| RECORDS FOR THE TASK |
text \<open>A subgroup \<open>K\<close> of \<open>\<int>\<^sub>n\<close> consists of the multiples of a divisor \<open>d\<close> of \<open>n\<close>, so
\<open>|K| = n/d\<close>. If \<open>|K| = 1\<close> the graph has no edges; if \<open>|K| = 2\<close>, say \<open>K = {0, m}\<close>, its edges
form the matching \<open>x \<mapsto> m - x\<close>; if \<open>K = \<int>\<^sub>n\<close>, then \<open>{0}\<close> is a perfect code. In every other case
with \<open>n = 2\<^sup>k\<close>, both \<open>d = 2h\<close> and \<open>n/d\<close> are even, and the coset \<open>h + d\<int>\<^sub>n\<close> is a union of
components in which two vertices are adjacent unless they are equal or opposite. This
cocktail party graph has at least two pairs of opposite vertices, and no perfect code
of the whole graph can meet it: a code vertex forces its opposite into the code, and any
third vertex is then dominated twice.\<close>

lemma int_add_subgroup_mult_closed:
  fixes L :: "int set"
  assumes "0 \<in> L" and add: "\<And>x y. x \<in> L \<Longrightarrow> y \<in> L \<Longrightarrow> x + y \<in> L"
    and neg: "\<And>x. x \<in> L \<Longrightarrow> - x \<in> L" and a: "a \<in> L"
  shows "t * a \<in> L"
proof (induction t rule: int_induct[where k = 0])
  case base
  show ?case using \<open>0 \<in> L\<close> by simp
next
  case (step1 i)
  then show ?case using add[OF _ a] by (simp add: distrib_right)
next
  case (step2 i)
  then show ?case using add[OF _ neg[OF a]] by (simp add: left_diff_distrib)
qed

lemma int_add_subgroup_eq_multiples:
  fixes L :: "int set"
  assumes "0 \<in> L" and add: "\<And>x y. x \<in> L \<Longrightarrow> y \<in> L \<Longrightarrow> x + y \<in> L"
    and neg: "\<And>x. x \<in> L \<Longrightarrow> - x \<in> L" and "n \<in> L" "n > 0"
  obtains d where "d > 0" "L = {z. d dvd z}"
proof -
  have mult: "t * a \<in> L" if "a \<in> L" for t a
    using assms(1) add neg that by (rule int_add_subgroup_mult_closed)
  define P where "P = {x \<in> L. 0 < x \<and> x \<le> n}"
  define d where "d = Min P"
  have "finite P" unfolding P_def by (rule finite_subset[of _ "{0..n}"]) auto
  moreover have "n \<in> P" using assms(4,5) unfolding P_def by simp
  ultimately have "d \<in> P" and d_min: "\<And>x. x \<in> P \<Longrightarrow> d \<le> x"
    unfolding d_def by (auto intro: Min_in)
  then have d: "d \<in> L" "0 < d" "d \<le> n" unfolding P_def by auto
  have "z \<in> L \<longleftrightarrow> d dvd z" for z
  proof
    assume "z \<in> L"
    then have "z + (- (z div d)) * d \<in> L" using add mult[OF d(1)] by blast
    then have "z mod d \<in> L" by (simp add: minus_div_mult_eq_mod)
    moreover have "0 \<le> z mod d" "z mod d < d" using d(2) by simp_all
    ultimately have "z mod d = 0" using d_min d(3) unfolding P_def by fastforce
    then show "d dvd z" by auto
  next
    assume "d dvd z"
    then show "z \<in> L" using mult[OF d(1)] by (auto simp: mult.commute)
  qed
  then show thesis using that d(2) by blast
qed

lemma residue_add_subgroup_eq_multiples:
  assumes "n > 1" and K: "subgroup K (add_monoid (residue_ring n))"
  obtains d s where "d > 0" "n = d * s" "K = {x \<in> {0..<n}. d dvd x}"
proof -
  have inv: "m_inv (add_monoid (residue_ring n)) x = (- x) mod n" for x
    using residues.res_neg_eq[of n x] assms(1) unfolding residues_def a_inv_def by simp
  have K_sub: "K \<subseteq> {0..<n}"
    using subgroup.subset[OF K] by (auto simp: residue_ring_def)
  define L where "L = {z. z mod n \<in> K}"
  have "0 \<in> L" using subgroup.one_closed[OF K] by (simp add: L_def residue_ring_def)
  moreover have "x + y \<in> L" if "x \<in> L" "y \<in> L" for x y
    using subgroup.m_closed[OF K that[unfolded L_def mem_Collect_eq]]
    by (simp add: L_def residue_ring_def mod_add_eq)
  moreover have "- x \<in> L" if "x \<in> L" for x
    using subgroup.m_inv_closed[OF K that[unfolded L_def mem_Collect_eq]]
    unfolding inv by (simp add: L_def mod_minus_eq)
  moreover have "n \<in> L" using \<open>0 \<in> L\<close> by (simp add: L_def)
  ultimately obtain d where d: "d > 0" "L = {z. d dvd z}"
    using int_add_subgroup_eq_multiples assms(1) by (metis zero_less_one order.strict_trans)
  have "K = {x \<in> {0..<n}. x \<in> L}" using K_sub by (auto simp: L_def)
  moreover obtain s where "n = d * s" using \<open>n \<in> L\<close> d(2) by blast
  ultimately show thesis using that d by simp
qed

| REQUIREMENT |
Among the entries above, copy exactly only the lines starting with the one containing "define d where" and going through the one containing "P_def by fastforce", both ends included.

| RESPONSE |
  define d where "d = Min P"
  have "finite P" unfolding P_def by (rule finite_subset[of _ "{0..n}"]) auto
  moreover have "n \<in> P" using assms(4,5) unfolding P_def by simp
  ultimately have "d \<in> P" and d_min: "\<And>x. x \<in> P \<Longrightarrow> d \<le> x"
    unfolding d_def by (auto intro: Min_in)
  then have d: "d \<in> L" "0 < d" "d \<le> n" unfolding P_def by auto
  have "z \<in> L \<longleftrightarrow> d dvd z" for z
  proof
    assume "z \<in> L"
    then have "z + (- (z div d)) * d \<in> L" using add mult[OF d(1)] by blast
    then have "z mod d \<in> L" by (simp add: minus_div_mult_eq_mod)
    moreover have "0 \<le> z mod d" "z mod d < d" using d(2) by simp_all
    ultimately have "z mod d = 0" using d_min d(3) unfolding P_def by fastforce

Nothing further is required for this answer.